Number Five, Attention to detail and realism. 
Example.
The Roman frescoes and mosaics. The Villa of the Mysteries, are considered among the finest examples of Roman Art. Many of the mosaics and frescoes from the villa are known for their attention to detail, realism, and naturalism. They reflect the Roman's taste for realism and attention to detail and reflect the Roman's belief in their own culture's advanced level through realism and naturalism.

During the colonial period, European powers removed artworks and artifacts from the colonized countries to demonstrate the cultural and artistic superiority of their power. 

Over time, Patrons and institutions with considerable amounts of money or power can utilize their socioeconomic resources to influence cultural narratives and advance their interests, values, and agendas by commissioning or purchasing works of Art.

The moral goal is to associate oneself with a great piece of Art and an artist, and to leave a lasting legacy for oneself, one's family, or one's institution. In addition to reflecting preferences, values, and interests, the commissioned artworks also transmit a message or meaning to the viewer, whether to demonstrate their wealth and superior levels of knowledge, impress their friends and professional peers, or further a specific political or ideological goal.

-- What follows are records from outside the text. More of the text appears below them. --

theorem lemmaA1:
  fixes nu :: "(real^'n) measure"
    and S :: "real^'n^'n"
    and G :: "real^'n"
    and h T :: "real \<Rightarrow> real"
    and M :: "real \<Rightarrow> 'a measure"
    and \<xi> :: "real \<Rightarrow> real \<Rightarrow> 'a \<Rightarrow> real^'n"
  assumes "levy_measure nu"
    and "sym_nonneg_def S"
    and "\<forall>\<Lambda>>1. h \<Lambda> \<ge> 1 \<and> T \<Lambda> > 0"
    and "filterlim (\<lambda>\<Lambda>. \<Lambda> / h \<Lambda>) at_top at_top"
    and "filterlim (\<lambda>\<Lambda>. \<Lambda> / (h \<Lambda> * T \<Lambda>)) at_top at_top"
    and "\<forall>\<Lambda>>1. levy_process (M \<Lambda>) (\<xi> \<Lambda>) S
                  (density nu (indicator (cball 0 (h \<Lambda>)))) G"
  shows "\<forall>\<delta>>0. \<forall>k\<ge>0. \<exists>\<Lambda>\<^sub>1. \<forall>\<Lambda>. \<Lambda> > \<Lambda>\<^sub>1 \<and> \<Lambda> > 1 \<longrightarrow>
           (\<forall>t\<in>{0<..T \<Lambda>}.
              max 1 (t powr (-k)) * measure (M \<Lambda>) {\<omega> \<in> space (M \<Lambda>). norm (\<xi> \<Lambda> t \<omega>) > \<Lambda>}
              \<le> exp (- (1 - \<delta>) * (\<Lambda> / h \<Lambda>) * ln (\<Lambda> / (h \<Lambda> * T \<Lambda>))))"
proof (intro allI impI)
  fix \<delta> k :: real
  assume "0 < \<delta>" and "0 \<le> k"
  obtain c where weighted: "\<And>(M' :: 'a measure) X h T t \<Lambda>.
      levy_process M' X S (density nu (indicator (cball 0 h))) G \<Longrightarrow>
      h \<ge> 1 \<Longrightarrow> 0 < t \<Longrightarrow> t \<le> T \<Longrightarrow> c \<le> \<Lambda> / h \<Longrightarrow> c \<le> ln (\<Lambda> / (h * T)) \<Longrightarrow>
      max 1 (t powr (-k)) * measure M' {\<omega> \<in> space M'. norm (X t \<omega>) > \<Lambda>}
        \<le> exp (- (1 - \<delta>) * (\<Lambda> / h) * ln (\<Lambda> / (h * T)))"
    by (rule levy_weighted_tail_le[OF assms(1) \<open>0 < \<delta>\<close> \<open>0 \<le> k\<close>, where S = S and G = G]) auto
  have "eventually (\<lambda>\<Lambda>. c \<le> \<Lambda> / h \<Lambda>) at_top"
    using assms(4) unfolding filterlim_at_top by blast
  moreover have "eventually (\<lambda>\<Lambda>. c \<le> ln (\<Lambda> / (h \<Lambda> * T \<Lambda>))) at_top"
    using filterlim_compose[OF ln_at_top assms(5)] unfolding filterlim_at_top by blast
  ultimately have "eventually (\<lambda>\<Lambda>. c \<le> \<Lambda> / h \<Lambda> \<and> c \<le> ln (\<Lambda> / (h \<Lambda> * T \<Lambda>))) at_top"
    by (rule eventually_conj)
  then obtain \<Lambda>\<^sub>1 where
    "\<And>\<Lambda>. \<Lambda> \<ge> \<Lambda>\<^sub>1 \<Longrightarrow> c \<le> \<Lambda> / h \<Lambda> \<and> c \<le> ln (\<Lambda> / (h \<Lambda> * T \<Lambda>))"
    unfolding eventually_at_top_linorder by blast
  then show "\<exists>\<Lambda>\<^sub>1. \<forall>\<Lambda>. \<Lambda> > \<Lambda>\<^sub>1 \<and> \<Lambda> > 1 \<longrightarrow>
           (\<forall>t\<in>{0<..T \<Lambda>}.
              max 1 (t powr (-k)) * measure (M \<Lambda>) {\<omega> \<in> space (M \<Lambda>). norm (\<xi> \<Lambda> t \<omega>) > \<Lambda>}
              \<le> exp (- (1 - \<delta>) * (\<Lambda> / h \<Lambda>) * ln (\<Lambda> / (h \<Lambda> * T \<Lambda>))))"
    using assms(3,6) by (intro exI[of _ \<Lambda>\<^sub>1] allI impI ballI weighted) auto
qed

end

The wealthy patron and powerful institutions have significantly impacted the evolution of Art from classical to contemporary times. Furthermore, whilst the artist does gain accolades, it is essential to understand the intention of the gatekeepers whose decisions form the creation of the artwork and have an influential impact on the final product.

My question is.
Is it a normalised process for independent artists to actively seek commissions and patronage?